### WORK TO BE COMPLETED
Look through the records below for the line holding "k'. The product". Write it out exactly, with each following line through the line holding "e j else 0)".

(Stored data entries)
-- Opening Marker --
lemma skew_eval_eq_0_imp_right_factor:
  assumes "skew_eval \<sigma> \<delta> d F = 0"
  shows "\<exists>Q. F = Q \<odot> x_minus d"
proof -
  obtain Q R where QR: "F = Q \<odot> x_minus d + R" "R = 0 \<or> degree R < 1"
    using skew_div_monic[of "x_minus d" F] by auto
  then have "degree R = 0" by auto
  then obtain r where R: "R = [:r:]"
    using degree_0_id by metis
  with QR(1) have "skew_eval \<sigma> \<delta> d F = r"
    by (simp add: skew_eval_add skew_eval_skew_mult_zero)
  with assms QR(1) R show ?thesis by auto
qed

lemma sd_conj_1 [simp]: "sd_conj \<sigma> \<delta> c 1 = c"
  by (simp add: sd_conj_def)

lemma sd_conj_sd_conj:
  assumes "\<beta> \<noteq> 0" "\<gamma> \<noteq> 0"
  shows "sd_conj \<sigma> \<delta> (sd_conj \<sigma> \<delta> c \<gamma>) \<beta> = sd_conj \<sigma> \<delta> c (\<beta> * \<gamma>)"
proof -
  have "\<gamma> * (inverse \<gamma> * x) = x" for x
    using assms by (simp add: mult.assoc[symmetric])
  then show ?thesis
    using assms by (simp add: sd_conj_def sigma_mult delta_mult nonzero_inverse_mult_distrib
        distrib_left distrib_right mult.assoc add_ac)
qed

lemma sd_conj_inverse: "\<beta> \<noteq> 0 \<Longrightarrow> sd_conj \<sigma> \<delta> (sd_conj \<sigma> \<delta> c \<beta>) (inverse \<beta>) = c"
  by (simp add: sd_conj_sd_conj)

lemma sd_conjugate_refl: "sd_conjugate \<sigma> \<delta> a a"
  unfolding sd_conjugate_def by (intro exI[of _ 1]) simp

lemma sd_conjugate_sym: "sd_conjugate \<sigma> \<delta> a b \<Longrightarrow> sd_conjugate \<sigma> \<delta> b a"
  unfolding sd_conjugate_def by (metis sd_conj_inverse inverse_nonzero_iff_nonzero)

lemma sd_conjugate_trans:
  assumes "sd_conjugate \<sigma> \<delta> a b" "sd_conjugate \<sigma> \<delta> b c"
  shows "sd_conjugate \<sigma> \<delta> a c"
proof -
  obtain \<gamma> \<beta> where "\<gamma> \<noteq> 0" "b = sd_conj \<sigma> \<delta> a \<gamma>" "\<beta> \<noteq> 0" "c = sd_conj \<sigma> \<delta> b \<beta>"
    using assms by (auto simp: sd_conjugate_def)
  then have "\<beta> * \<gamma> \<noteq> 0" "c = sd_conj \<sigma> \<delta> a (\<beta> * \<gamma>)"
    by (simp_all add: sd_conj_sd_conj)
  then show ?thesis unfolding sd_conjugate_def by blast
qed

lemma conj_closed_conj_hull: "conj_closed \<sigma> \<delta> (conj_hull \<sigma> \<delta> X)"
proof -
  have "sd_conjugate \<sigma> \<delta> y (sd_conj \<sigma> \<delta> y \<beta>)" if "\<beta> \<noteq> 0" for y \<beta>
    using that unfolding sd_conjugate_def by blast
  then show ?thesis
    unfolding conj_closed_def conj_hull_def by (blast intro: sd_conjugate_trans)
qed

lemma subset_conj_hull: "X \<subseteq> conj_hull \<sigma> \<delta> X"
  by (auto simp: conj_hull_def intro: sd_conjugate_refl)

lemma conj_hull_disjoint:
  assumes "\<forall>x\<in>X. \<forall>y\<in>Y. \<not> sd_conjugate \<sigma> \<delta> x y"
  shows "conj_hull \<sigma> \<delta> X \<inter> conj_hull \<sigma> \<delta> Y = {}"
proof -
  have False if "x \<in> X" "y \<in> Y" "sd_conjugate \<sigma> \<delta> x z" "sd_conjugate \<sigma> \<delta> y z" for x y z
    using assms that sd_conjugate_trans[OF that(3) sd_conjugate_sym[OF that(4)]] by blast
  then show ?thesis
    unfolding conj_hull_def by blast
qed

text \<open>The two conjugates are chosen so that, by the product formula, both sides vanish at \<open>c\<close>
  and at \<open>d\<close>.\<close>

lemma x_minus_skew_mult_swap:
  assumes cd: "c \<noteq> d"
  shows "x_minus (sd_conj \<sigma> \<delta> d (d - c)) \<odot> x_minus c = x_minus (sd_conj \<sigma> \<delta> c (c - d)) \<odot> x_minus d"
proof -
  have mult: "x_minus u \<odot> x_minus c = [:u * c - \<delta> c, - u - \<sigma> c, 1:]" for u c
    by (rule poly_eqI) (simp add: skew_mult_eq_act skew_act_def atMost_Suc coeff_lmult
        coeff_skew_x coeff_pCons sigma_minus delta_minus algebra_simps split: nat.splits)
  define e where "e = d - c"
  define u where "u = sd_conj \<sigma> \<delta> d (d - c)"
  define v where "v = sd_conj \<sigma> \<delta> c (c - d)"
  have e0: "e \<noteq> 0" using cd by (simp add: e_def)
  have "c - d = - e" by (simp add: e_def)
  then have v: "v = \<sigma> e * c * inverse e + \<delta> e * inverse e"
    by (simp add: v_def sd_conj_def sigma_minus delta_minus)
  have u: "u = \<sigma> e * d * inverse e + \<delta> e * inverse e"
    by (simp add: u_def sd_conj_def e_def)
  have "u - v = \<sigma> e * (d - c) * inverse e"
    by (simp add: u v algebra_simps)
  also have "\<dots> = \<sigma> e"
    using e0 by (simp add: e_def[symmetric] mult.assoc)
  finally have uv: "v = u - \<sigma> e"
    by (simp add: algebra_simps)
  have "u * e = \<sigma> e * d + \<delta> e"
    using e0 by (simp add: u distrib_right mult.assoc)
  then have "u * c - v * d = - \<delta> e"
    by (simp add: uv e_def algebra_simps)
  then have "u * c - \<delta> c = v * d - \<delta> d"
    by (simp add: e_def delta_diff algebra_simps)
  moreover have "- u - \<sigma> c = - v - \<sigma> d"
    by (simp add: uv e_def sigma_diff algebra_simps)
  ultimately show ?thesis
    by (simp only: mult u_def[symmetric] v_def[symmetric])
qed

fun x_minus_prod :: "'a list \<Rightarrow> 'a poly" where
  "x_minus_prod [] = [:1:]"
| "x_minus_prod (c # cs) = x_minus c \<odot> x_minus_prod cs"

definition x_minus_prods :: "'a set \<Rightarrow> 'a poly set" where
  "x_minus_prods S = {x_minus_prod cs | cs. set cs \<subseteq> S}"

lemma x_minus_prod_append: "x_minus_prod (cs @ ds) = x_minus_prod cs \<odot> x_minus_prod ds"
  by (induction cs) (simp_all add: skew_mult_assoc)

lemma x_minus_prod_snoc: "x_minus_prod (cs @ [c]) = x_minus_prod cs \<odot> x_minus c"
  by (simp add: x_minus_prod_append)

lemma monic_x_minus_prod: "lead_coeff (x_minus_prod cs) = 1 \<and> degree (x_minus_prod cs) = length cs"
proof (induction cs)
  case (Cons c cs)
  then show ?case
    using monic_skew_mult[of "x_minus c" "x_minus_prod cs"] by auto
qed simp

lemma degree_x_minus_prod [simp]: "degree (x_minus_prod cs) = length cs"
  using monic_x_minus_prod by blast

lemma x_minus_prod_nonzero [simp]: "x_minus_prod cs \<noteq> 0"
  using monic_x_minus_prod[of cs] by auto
-- Closing Marker --
-- Opening Marker --
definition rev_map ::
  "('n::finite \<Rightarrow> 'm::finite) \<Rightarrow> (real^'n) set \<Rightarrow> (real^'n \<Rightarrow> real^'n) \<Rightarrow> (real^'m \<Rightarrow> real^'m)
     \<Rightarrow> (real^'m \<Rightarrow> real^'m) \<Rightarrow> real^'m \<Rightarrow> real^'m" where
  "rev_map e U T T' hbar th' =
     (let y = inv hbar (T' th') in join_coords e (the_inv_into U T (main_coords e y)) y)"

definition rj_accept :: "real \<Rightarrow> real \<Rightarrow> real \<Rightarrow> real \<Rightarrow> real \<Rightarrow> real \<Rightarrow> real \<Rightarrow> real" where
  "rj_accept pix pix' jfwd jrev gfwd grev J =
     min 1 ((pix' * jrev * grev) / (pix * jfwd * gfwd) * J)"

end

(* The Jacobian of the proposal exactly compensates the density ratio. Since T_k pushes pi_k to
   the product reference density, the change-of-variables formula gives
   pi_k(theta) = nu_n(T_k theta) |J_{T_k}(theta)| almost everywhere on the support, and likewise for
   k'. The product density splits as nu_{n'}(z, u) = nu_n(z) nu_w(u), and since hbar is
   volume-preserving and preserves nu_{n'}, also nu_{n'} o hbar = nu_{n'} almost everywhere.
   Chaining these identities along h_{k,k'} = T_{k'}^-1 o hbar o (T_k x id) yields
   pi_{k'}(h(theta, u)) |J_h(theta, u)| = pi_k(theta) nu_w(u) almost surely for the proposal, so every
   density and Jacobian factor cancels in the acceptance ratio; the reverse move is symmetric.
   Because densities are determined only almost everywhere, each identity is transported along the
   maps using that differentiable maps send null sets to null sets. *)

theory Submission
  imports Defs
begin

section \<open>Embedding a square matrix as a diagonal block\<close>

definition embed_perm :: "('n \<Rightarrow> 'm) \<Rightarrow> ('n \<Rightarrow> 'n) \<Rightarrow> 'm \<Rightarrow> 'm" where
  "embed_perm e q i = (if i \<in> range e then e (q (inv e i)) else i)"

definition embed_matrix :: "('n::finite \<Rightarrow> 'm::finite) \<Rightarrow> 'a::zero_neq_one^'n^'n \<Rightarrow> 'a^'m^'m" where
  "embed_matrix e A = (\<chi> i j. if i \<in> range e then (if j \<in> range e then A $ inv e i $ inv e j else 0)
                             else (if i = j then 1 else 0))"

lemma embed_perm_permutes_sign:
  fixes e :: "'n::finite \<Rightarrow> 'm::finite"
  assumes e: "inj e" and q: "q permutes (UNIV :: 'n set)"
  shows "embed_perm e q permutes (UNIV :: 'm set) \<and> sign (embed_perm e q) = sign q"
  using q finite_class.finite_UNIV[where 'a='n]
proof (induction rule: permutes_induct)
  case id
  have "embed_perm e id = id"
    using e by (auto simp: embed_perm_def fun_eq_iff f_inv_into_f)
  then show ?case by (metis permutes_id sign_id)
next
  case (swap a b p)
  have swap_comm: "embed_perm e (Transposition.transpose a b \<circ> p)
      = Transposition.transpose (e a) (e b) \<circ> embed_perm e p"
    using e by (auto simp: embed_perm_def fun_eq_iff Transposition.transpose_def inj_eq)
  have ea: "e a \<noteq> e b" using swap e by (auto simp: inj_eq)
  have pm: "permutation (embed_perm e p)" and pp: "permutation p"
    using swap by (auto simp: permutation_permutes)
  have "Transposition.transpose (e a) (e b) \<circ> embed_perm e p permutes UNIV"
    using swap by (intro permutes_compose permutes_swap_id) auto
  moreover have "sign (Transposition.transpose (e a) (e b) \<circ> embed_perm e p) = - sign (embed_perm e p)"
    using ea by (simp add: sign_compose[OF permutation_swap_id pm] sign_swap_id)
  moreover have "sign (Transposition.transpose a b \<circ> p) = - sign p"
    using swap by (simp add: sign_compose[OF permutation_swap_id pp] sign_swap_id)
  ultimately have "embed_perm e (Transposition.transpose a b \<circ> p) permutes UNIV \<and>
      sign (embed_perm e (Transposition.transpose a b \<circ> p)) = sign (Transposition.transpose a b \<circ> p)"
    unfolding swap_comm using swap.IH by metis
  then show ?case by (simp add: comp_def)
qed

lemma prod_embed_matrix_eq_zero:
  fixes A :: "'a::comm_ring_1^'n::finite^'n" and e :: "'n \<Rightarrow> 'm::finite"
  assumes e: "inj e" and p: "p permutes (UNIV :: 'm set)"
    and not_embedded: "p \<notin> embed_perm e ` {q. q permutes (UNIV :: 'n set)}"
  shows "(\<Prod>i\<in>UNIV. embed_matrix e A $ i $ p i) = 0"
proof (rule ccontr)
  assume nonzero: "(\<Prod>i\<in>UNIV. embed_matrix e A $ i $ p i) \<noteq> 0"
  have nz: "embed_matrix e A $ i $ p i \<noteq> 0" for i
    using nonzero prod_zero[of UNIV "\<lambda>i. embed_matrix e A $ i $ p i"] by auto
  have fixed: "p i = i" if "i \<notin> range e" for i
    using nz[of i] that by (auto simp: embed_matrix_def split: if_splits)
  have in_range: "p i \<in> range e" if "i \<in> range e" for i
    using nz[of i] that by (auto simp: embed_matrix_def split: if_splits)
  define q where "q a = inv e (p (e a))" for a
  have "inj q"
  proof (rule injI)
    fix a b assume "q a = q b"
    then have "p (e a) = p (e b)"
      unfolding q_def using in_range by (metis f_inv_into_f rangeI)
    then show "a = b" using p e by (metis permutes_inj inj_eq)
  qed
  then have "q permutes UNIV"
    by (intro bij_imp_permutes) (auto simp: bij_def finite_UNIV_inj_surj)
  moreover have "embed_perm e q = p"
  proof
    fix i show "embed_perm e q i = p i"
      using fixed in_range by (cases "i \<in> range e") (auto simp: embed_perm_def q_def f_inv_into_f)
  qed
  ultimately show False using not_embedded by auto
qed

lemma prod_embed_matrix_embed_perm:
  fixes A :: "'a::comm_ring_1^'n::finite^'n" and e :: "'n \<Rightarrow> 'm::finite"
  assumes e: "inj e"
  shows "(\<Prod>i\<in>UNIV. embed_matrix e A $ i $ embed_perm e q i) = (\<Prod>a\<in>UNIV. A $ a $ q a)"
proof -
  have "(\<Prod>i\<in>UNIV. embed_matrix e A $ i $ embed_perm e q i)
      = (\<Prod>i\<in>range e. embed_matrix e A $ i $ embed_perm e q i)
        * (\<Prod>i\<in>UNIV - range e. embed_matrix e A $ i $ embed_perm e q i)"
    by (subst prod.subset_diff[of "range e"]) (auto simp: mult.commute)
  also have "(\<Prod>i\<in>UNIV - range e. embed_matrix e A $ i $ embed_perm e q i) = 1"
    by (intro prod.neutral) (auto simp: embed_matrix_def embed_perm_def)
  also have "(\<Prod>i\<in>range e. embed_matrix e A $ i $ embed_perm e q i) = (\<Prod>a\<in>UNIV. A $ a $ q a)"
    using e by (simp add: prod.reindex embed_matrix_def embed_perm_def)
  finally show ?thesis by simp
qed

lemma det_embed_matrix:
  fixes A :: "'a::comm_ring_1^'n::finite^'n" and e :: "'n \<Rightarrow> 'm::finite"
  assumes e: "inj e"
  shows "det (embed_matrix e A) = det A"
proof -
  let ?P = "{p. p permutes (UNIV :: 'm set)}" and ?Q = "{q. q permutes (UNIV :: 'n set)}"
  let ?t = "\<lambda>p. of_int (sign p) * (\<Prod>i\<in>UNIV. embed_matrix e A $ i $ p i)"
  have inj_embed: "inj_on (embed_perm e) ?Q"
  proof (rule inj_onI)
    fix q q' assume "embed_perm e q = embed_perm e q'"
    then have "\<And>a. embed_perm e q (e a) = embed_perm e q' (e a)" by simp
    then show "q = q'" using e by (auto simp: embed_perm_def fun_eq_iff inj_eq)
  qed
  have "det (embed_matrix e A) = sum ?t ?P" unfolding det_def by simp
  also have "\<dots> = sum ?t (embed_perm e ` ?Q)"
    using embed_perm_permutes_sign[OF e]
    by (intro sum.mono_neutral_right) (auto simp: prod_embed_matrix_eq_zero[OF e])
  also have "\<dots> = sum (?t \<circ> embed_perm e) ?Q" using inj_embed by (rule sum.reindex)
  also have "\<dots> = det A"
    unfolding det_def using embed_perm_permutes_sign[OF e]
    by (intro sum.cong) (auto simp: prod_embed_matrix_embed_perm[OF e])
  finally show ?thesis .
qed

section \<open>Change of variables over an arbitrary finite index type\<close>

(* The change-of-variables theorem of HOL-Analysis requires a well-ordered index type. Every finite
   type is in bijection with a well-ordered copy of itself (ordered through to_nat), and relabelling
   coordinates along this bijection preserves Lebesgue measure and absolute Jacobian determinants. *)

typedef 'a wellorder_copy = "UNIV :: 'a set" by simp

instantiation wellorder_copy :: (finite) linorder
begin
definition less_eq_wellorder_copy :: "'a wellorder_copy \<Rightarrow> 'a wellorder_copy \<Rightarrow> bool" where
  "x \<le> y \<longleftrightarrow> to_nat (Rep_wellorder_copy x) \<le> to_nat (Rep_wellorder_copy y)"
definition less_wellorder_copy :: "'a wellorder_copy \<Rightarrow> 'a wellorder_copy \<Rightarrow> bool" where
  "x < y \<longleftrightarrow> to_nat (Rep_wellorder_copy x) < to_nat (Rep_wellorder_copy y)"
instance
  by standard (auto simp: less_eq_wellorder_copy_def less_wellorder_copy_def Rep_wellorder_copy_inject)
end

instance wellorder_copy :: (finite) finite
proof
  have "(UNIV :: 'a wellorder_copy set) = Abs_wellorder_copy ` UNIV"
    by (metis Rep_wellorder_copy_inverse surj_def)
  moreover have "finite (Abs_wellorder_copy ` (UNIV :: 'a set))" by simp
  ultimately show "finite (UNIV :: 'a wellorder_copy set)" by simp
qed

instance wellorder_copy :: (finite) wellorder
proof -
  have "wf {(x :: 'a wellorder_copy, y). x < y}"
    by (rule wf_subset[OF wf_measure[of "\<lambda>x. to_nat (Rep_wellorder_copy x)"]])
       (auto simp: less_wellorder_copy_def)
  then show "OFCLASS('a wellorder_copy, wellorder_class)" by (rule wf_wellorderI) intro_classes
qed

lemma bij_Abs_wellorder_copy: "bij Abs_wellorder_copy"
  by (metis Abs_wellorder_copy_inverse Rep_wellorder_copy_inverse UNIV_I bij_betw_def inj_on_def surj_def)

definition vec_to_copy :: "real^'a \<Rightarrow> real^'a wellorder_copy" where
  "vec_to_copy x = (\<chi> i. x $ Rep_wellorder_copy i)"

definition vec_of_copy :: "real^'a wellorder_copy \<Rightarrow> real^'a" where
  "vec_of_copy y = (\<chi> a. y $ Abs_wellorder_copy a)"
-- Closing Marker --
### TASK ANSWER
   k'. The product density splits as nu_{n'}(z, u) = nu_n(z) nu_w(u), and since hbar is
   volume-preserving and preserves nu_{n'}, also nu_{n'} o hbar = nu_{n'} almost everywhere.
   Chaining these identities along h_{k,k'} = T_{k'}^-1 o hbar o (T_k x id) yields
   pi_{k'}(h(theta, u)) |J_h(theta, u)| = pi_k(theta) nu_w(u) almost surely for the proposal, so every
   density and Jacobian factor cancels in the acceptance ratio; the reverse move is symmetric.
   Because densities are determined only almost everywhere, each identity is transported along the
   maps using that differentiable maps send null sets to null sets. *)

theory Submission
  imports Defs
begin

section \<open>Embedding a square matrix as a diagonal block\<close>

definition embed_perm :: "('n \<Rightarrow> 'm) \<Rightarrow> ('n \<Rightarrow> 'n) \<Rightarrow> 'm \<Rightarrow> 'm" where
  "embed_perm e q i = (if i \<in> range e then e (q (inv e i)) else i)"

definition embed_matrix :: "('n::finite \<Rightarrow> 'm::finite) \<Rightarrow> 'a::zero_neq_one^'n^'n \<Rightarrow> 'a^'m^'m" where
  "embed_matrix e A = (\<chi> i j. if i \<in> range e then (if j \<in> range e then A $ inv e i $ inv e j else 0)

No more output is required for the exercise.